### What to produce
Reproduce only the lines that run from the line containing "Context: An operator" to the end of the entries below, exactly as they stand.

[Saved data entries]
============
(* Let $\Lambda=(\mathbb{Z}/L_1)\times(\mathbb{Z}/L_2)\times(\mathbb{Z}/L_3)\times(\mathbb{Z}/L_4)$ be a periodic four-dimensional lattice. Fix a direction $\mu\in\{1,2,3,4\}$ and assume $L_\mu$ is even. Let $U$ be a gauge field, i.e. an assignment of a unitary $N_c\times N_c$ matrix $U_\nu(x)$ (e.g. in $SU(3)$) to each site $x$ and direction $\nu$. Let $\kappa$ satisfy $0<\kappa\le 1/8$, and let $D=I-M$ be the Wilson Dirac operator, acting on $\ell^2(\Lambda)\otimes\mathbb{C}^4\otimes\mathbb{C}^{N_c}$, with hopping term $$(M\psi)(x)=\kappa\sum_{\nu=1}^4\Big[(1-\gamma_\nu)\,U_\nu(x)\,\psi(x+\hat\nu)+(1+\gamma_\nu)\,U_\nu(x-\hat\nu)^\dagger\,\psi(x-\hat\nu)\Big].$$ Here the $\gamma_\nu$ are Hermitian Euclidean Dirac matrices. Split the sites into $b=\{x: x_\mu \text{ even}\}$ (the even three-dimensional slices transverse to $\mu$) and $r=\{x: x_\mu\text{ odd}\}$. After permuting the sites so that $b$-sites come first, write $$D=\begin{pmatrix} I_b-M_{bb} & -M_{br}\\ -M_{rb} & I_r-M_{rr}\end{pmatrix}.$$ Define the Schur complement $$S_{bb}=I_b-M_{bb}-M_{br}(I_r-M_{rr})^{-1}M_{rb}.$$ For each integer $k\ge 1$, define the order-$k$ approximation $$\tilde S^{(k)}_{bb}=I_b-\Big(M_{bb}+M_{br}\sum_{l=0}^{k-1}M_{rr}^{\,l}M_{rb}\Big).$$ Then the following hold for every $k\ge1$, with all norms the operator 2-norm. (i) $\|M_{rr}\|<1$, so $S_{bb}$ is well defined and $(I_r-M_{rr})^{-1}=\sum_{l\ge0}M_{rr}^l$. (Stability) $S_{bb}$ and $\tilde S^{(k)}_{bb}$ are non-negative in the sense below. More precisely, $$\Big\|M_{bb}+M_{br}\sum_{l=0}^{\infty}M_{rr}^lM_{rb}\Big\|\le 1,$$ $$\Big\|M_{bb}+M_{br}\sum_{l=0}^{k-1}M_{rr}^lM_{rb}\Big\|\le 1-\tfrac14\left(\tfrac34\right)^k.$$ (Weak regularity) $\tilde S^{(k)}_{bb}$ is invertible and $$\big\|I_b-(\tilde S^{(k)}_{bb})^{-1}S_{bb}\big\|\le 1.$$
   Context: An operator is called non-negative in this sense if it has the form $I-N$ with $\|N\|\le 1$, where $\|\cdot\|$ is the operator 2-norm. Under this definition the Wilson operator $D$ with $\kappa\le 1/8$ is non-negative. The blocks $M_{bb},M_{br},M_{rb},M_{rr}$ are the restrictions of $M$ between the indicated site subsets. In particular, $M_{br}$ and $M_{rb}$ consist only of the hopping terms in direction $\mu$, and $M_{bb}$ and $M_{rr}$ consist of the hopping terms in the three directions $\nu\ne\mu$. *)

theory Defs
  imports Complex_Main
begin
============
### Response box
   Context: An operator is called non-negative in this sense if it has the form $I-N$ with $\|N\|\le 1$, where $\|\cdot\|$ is the operator 2-norm. Under this definition the Wilson operator $D$ with $\kappa\le 1/8$ is non-negative. The blocks $M_{bb},M_{br},M_{rb},M_{rr}$ are the restrictions of $M$ between the indicated site subsets. In particular, $M_{br}$ and $M_{rb}$ consist only of the hopping terms in direction $\mu$, and $M_{bb}$ and $M_{rr}$ consist of the hopping terms in the three directions $\nu\ne\mu$. *)

theory Defs
  imports Complex_Main
begin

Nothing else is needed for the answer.